Biwi Kinect Head Pose dataset
Published

March 15, 2023

Credits: Practical Deep Learning for Coders book by Jeremy Howard and Sylvain Gugger.

In this project we’ll detect the center of the person’s face in the image. We’ll use the Biwi Kinect Head Pose dataset for this task. The dataset contains images of 24 people and coresponding obj files that won’t be needed. Each image (*_rgb.jpg) is annotated with the center of the person’s face and the pose of the head (_pose.txt*). The pose is defined by the rotation of the head around the three axes.
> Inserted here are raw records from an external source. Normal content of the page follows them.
(* For all integers $n,m\ge 3$, $\gamma_t(C_n\times C_m)\le\gamma_t(C_{n+1}\times C_m)$ and $\gamma_p(C_n\times C_m)\le\gamma_p(C_{n+1}\times C_m)$.
   Context: All graphs are finite, simple and undirected. $C_n$ denotes the cycle of order $n$ and $G\times H$ the Cartesian product of graphs. For a graph $G$ without isolated vertices: a set $D\subseteq V(G)$ is a total dominating set if every vertex of $G$ (including those in $D$) has a neighbour in $D$; $\gamma_t(G)$ is the minimum size of a total dominating set. A set $D\subseteq V(G)$ is a paired dominating set if every vertex outside $D$ has a neighbour in $D$ and the induced subgraph $G[D]$ has a perfect matching; $\gamma_p(G)$ is the minimum size of a paired dominating set. *)

theory Defs
  imports Main
begin

text \<open>A finite simple graph is given by a vertex set V and a symmetric,
irreflexive adjacency relation E (only its restriction to V matters).\<close>

definition total_dominating_set :: "'a set \<Rightarrow> ('a \<Rightarrow> 'a \<Rightarrow> bool) \<Rightarrow> 'a set \<Rightarrow> bool" where
  "total_dominating_set V E D \<longleftrightarrow> D \<subseteq> V \<and> (\<forall>v\<in>V. \<exists>u\<in>D. E v u)"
path = untar_data(URLs.BIWI_HEAD_POSE)
path.ls()
(#50) [Path('/notebooks/fastai/data/biwi_head_pose/03.obj'),Path('/notebooks/fastai/data/biwi_head_pose/06'),Path('/notebooks/fastai/data/biwi_head_pose/21'),Path('/notebooks/fastai/data/biwi_head_pose/16.obj'),Path('/notebooks/fastai/data/biwi_head_pose/08'),Path('/notebooks/fastai/data/biwi_head_pose/19'),Path('/notebooks/fastai/data/biwi_head_pose/15'),Path('/notebooks/fastai/data/biwi_head_pose/02.obj'),Path('/notebooks/fastai/data/biwi_head_pose/15.obj'),Path('/notebooks/fastai/data/biwi_head_pose/04')...]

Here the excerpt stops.